Thok Jalung
- Location: Tibet Autonomous Region, People's Republic of China; 32°14′N 81°22′E﻿ / ﻿32.24°N 81.37°E;

= Thok Jalung =

Goldfield in Tibet

Thok Jalung was a goldfield in Tibet that gained international attention upon its discovery by the west.

Thok Jalung was one of many goldfields that stretched from Lhasa into western Tibet, north of the Tsangpo River watershed. Situated on the Changtang, 16330 ft above sea level, Thok Jalung was the highest altitude goldfield in the world and at the time was believed to be the highest altitude in the world inhabited all year round.

Thok Jalung was first visited by a non-Tibetan on 26 August 1867 when the pundit Nain Singh Rawat, who was secretly surveying Tibet, visited the mines. He would later say that Thok Jalung was the coldest place he had ever visited. It was not until 1906 that the first European visited Thok Jalung.

Thok Jalung was very productive and Nain Singh reported seeing one nugget weighing nearly 2 lb. The goldfield was about 1 mile long, with a small stream running through the field, used to wash the gold out of the soil.

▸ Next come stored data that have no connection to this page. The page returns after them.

lemma gap_step_nth:
  assumes "b < 2" "c < 2" "u < 2" "v < 2"
  shows "gap_step b h ! (4 * c + 2 * u + v) = max (gap_transition h b c u v 0) (gap_transition h b c u v 1)"
  using assms unfolding less_2_cases_iff
  by (elim disjE; simp add: gap_step_def gap_transition_def ac_simps; simp add: eval_nat_numeral)

definition gap_init :: "int list" where
  "gap_init = [0, 1, 1, 0, 2, 1, 1, 2]"

lemma gap_step_0_gap_init: "gap_step 0 gap_init = gap_init"
  by (simp add: gap_step_def gap_init_def)

fun gap_max :: "nat \<Rightarrow> int list" where
  "gap_max n = (if n = 0 then gap_init else gap_step (n mod 2) (gap_max (n div 2)))"

declare gap_max.simps [simp del]

lemma gap_max_double_plus: "b < 2 \<Longrightarrow> gap_max (2 * m + b) = gap_step b (gap_max m)"
  by (cases "m = 0 \<and> b = 0") (auto simp: gap_max.simps[of "2 * m + b"] gap_max.simps[of 0] gap_step_0_gap_init)

lemma runs_gap_0_0_le:
  assumes "c < 2" "u < 2" "v < 2"
  shows "runs_gap 0 0 c u v \<le> gap_init ! (4 * c + 2 * u + v)"
  using assms unfolding less_2_cases_iff
  by (elim disjE) (simp_all add: runs_gap_def gap_init_def bit_runs_small)

lemma runs_gap_0_attains:
  assumes "c < 2" "u < 2" "v < 2"
  shows "\<exists>z. runs_gap z 0 c u v = gap_init ! (4 * c + 2 * u + v)"
proof -
  have "runs_gap 0 0 c u v = gap_init ! (4 * c + 2 * u + v) \<or> runs_gap 1 0 c u v = gap_init ! (4 * c + 2 * u + v)"
    using assms unfolding less_2_cases_iff
    by (elim disjE) (simp_all add: runs_gap_def gap_init_def bit_runs_small)
  then show ?thesis by blast
qed

lemma runs_gap_le_gap_max:
  assumes "c < 2" "u < 2" "v < 2"
  shows "runs_gap z n c u v \<le> gap_max n ! (4 * c + 2 * u + v)"
  using assms
proof (induction "z + n" arbitrary: z n c u v rule: less_induct)
  case less
  show ?case
  proof (cases "z = 0 \<and> n = 0")
    case True
    then show ?thesis using runs_gap_0_0_le[OF less.prems] by (simp add: gap_max.simps)
  next
    case False
    define a b where "a = z mod 2" and "b = n mod 2"
    have "a < 2" "b < 2" and z: "z = 2 * (z div 2) + a" and n: "n = 2 * (n div 2) + b"
      unfolding a_def b_def by simp_all
    define c' where "c' = (a + b + c) div 2"
    define u' where "u' = (a + b + c) mod 2"
    have "c' < 2" "u' < 2" unfolding c'_def u'_def using \<open>a < 2\<close> \<open>b < 2\<close> \<open>c < 2\<close> by simp_all
    have "z div 2 + n div 2 < z + n" using False by auto
    then have IH: "runs_gap (z div 2) (n div 2) c' u' a \<le> gap_max (n div 2) ! (4 * c' + 2 * u' + a)"
      using less.hyps \<open>c' < 2\<close> \<open>u' < 2\<close> \<open>a < 2\<close> by blast
    have "runs_gap z n c u v = gap_transition (gap_max (n div 2)) b c u v a - gap_max (n div 2) ! (4 * c' + 2 * u' + a)
        + runs_gap (z div 2) (n div 2) c' u' a"
      using runs_gap_double_plus[OF \<open>a < 2\<close> less.prems(2,3), of "z div 2" "n div 2" b c] z n
      unfolding gap_transition_def c'_def u'_def by simp
    also have "\<dots> \<le> gap_transition (gap_max (n div 2)) b c u v a"
      using IH by simp
    also have "\<dots> \<le> gap_step b (gap_max (n div 2)) ! (4 * c + 2 * u + v)"
      unfolding gap_step_nth[OF \<open>b < 2\<close> less.prems] using \<open>a < 2\<close> by (auto simp: less_2_cases_iff)
    also have "\<dots> = gap_max n ! (4 * c + 2 * u + v)"
      using gap_max_double_plus[OF \<open>b < 2\<close>, of "n div 2"] n by simp
    finally show ?thesis .
  qed
qed

lemma gap_max_attained:
  assumes "c < 2" "u < 2" "v < 2"
  shows "\<exists>z. runs_gap z n c u v = gap_max n ! (4 * c + 2 * u + v)"
  using assms
proof (induction n arbitrary: c u v rule: less_induct)
  case (less n)
  show ?case
  proof (cases "n = 0")
    case True
    then show ?thesis using runs_gap_0_attains[OF less.prems] by (simp add: gap_max.simps)
  next
    case False
    define b where "b = n mod 2"
    have "b < 2" and n: "n = 2 * (n div 2) + b" unfolding b_def by simp_all
    define h where "h = gap_max (n div 2)"
    obtain a where "a < 2"
      and a: "max (gap_transition h b c u v 0) (gap_transition h b c u v 1) = gap_transition h b c u v a"
      by (cases "gap_transition h b c u v 0 \<le> gap_transition h b c u v 1")
        (auto simp: max_def intro: that[of 0] that[of 1])
    define c' where "c' = (a + b + c) div 2"
    define u' where "u' = (a + b + c) mod 2"
    have "c' < 2" "u' < 2" unfolding c'_def u'_def using \<open>a < 2\<close> \<open>b < 2\<close> \<open>c < 2\<close> by simp_all
    moreover have "n div 2 < n" using False by simp
    ultimately obtain z where z: "runs_gap z (n div 2) c' u' a = h ! (4 * c' + 2 * u' + a)"
      using less.IH \<open>a < 2\<close> unfolding h_def by blast
    have "runs_gap (2 * z + a) n c u v = gap_transition h b c u v a"
      using runs_gap_double_plus[OF \<open>a < 2\<close> less.prems(2,3), of z "n div 2" b c] n z
      unfolding gap_transition_def c'_def u'_def by simp
    also have "\<dots> = gap_max n ! (4 * c + 2 * u + v)"
      using gap_max_double_plus[OF \<open>b < 2\<close>, of "n div 2"] gap_step_nth[OF \<open>b < 2\<close> less.prems] a n
      unfolding h_def by simp
    finally show ?thesis ..
  qed
qed

definition top_balance :: "int list \<Rightarrow> nat \<Rightarrow> int" where
  "top_balance h b = max (h ! (2 * b)) (h ! (3 + 2 * b))"

lemma top_balance_index:
  fixes a b :: nat
  assumes "a < 2" "b < 2"
  shows "4 * ((a + b) div 2) + 2 * ((a + b) mod 2) + a = (if a = 0 then 2 * b else 3 + 2 * b)"
  using assms by (auto simp: less_2_cases_iff)

lemma pf_balance_le_top_balance: "pf_balance n z \<le> top_balance (gap_max (n div 2)) (n mod 2)"
proof -
  define a b where "a = z mod 2" and "b = n mod 2"
  have "a < 2" "b < 2" unfolding a_def b_def by simp_all
  have "pf_balance n z = runs_gap (z div 2) (n div 2) ((a + b) div 2) ((a + b) mod 2) a"
    using pf_balance_double_plus[OF \<open>a < 2\<close> \<open>b < 2\<close>, of "n div 2" "z div 2"]
    unfolding a_def b_def by simp
  also have "\<dots> \<le> gap_max (n div 2) ! (4 * ((a + b) div 2) + 2 * ((a + b) mod 2) + a)"
    by (rule runs_gap_le_gap_max) (use \<open>a < 2\<close> \<open>b < 2\<close> in simp_all)
  also have "\<dots> \<le> top_balance (gap_max (n div 2)) b"
    unfolding top_balance_index[OF \<open>a < 2\<close> \<open>b < 2\<close>] top_balance_def by simp
  finally show ?thesis unfolding b_def .
qed

lemma top_balance_eq_entry:
  assumes "b < 2"
  shows "\<exists>a<2. top_balance h b = h ! (4 * ((a + b) div 2) + 2 * ((a + b) mod 2) + a)"
proof (cases "h ! (2 * b) \<le> h ! (3 + 2 * b)")
  case True
  then show ?thesis
    using assms top_balance_index[of 1 b] by (intro exI[of _ 1]) (simp add: top_balance_def numeral_3_eq_3)
next
  case False
  then show ?thesis
    using assms by (intro exI[of _ 0]) (simp add: top_balance_index[OF _ assms] top_balance_def)
qed

lemma top_balance_attained: "\<exists>z. pf_balance n z = top_balance (gap_max (n div 2)) (n mod 2)"
proof -
  define b where "b = n mod 2"
  have "b < 2" unfolding b_def by simp
  then obtain a where "a < 2" and a: "top_balance (gap_max (n div 2)) b
      = gap_max (n div 2) ! (4 * ((a + b) div 2) + 2 * ((a + b) mod 2) + a)"
    using top_balance_eq_entry by blast
  moreover obtain y where "runs_gap y (n div 2) ((a + b) div 2) ((a + b) mod 2) a
      = gap_max (n div 2) ! (4 * ((a + b) div 2) + 2 * ((a + b) mod 2) + a)"
    using gap_max_attained \<open>a < 2\<close> \<open>b < 2\<close> by fastforce
  ultimately have "pf_balance n (2 * y + a) = top_balance (gap_max (n div 2)) b"
    using pf_balance_double_plus[OF \<open>a < 2\<close> \<open>b < 2\<close>, of "n div 2" y] unfolding b_def by simp
  then show ?thesis unfolding b_def ..
qed

lemma pf_abelian_complexity_eq_top_balance:
  "int (pf_abelian_complexity n) = top_balance (gap_max (n div 2)) (n mod 2) + 1"
proof -
  obtain z0 where "pf_balance n z0 = top_balance (gap_max (n div 2)) (n mod 2)"
    using top_balance_attained ..
  then show ?thesis
    unfolding pf_abelian_complexity_eq_card_balances
    by (rule card_range_two_step_symmetric[OF pf_balance_Suc_le even_pf_balance_diff
          pf_balance_symmetric pf_balance_le_top_balance])
qed

section \<open>Finitely many states up to translation\<close>

definition normalize_offset :: "int list \<Rightarrow> int list" where
  "normalize_offset h = map (\<lambda>x. x - h ! 0) h"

Miners lived in yak-hair tents pitched in holes two or more metres below the ground. There were about 300 miners during the summer and over 6,000 during winter, as frozen ground was less likely to collapse. As in many cases the miners' families were also staying onsite, one author has suggested a winter population of 20,000 at Thok Jalung.

Tibetans believed that gold nuggets contained life and were the parents of gold dust. They only extracted the dust. If a nugget was excavated in error from Thok Jalung it was immediately reburied.

==Sources==
- Cooley, W. (1876) Physical Geography: Or The Terraqueous Globe and Its Phenomena, Dulau and Company.
- Hopkirk, P. (1982) Trespassers on the roof of the world, John Murray: London. ISBN 0719539382.
- Markham, C. (1999) Narratives of the Mission of George Bogle to Tibet and of the Journey of Thomas Manning to Lhasa, Asian Educational Services: New Delhi. ISBN 9788120613669.
- Montgomerie, T. (1869) "Report of the Trans-Himalayan Explorations during 1867", Proceedings of the Royal Geographical Society of London, Vol. 13, No. 3 (1868 - 1869)
- Waller, D. (2015) The Pundits: British Exploration of Tibet and Central Asia, University Press of Kentucky: Lexington, Kentucky. ISBN 9780813149042.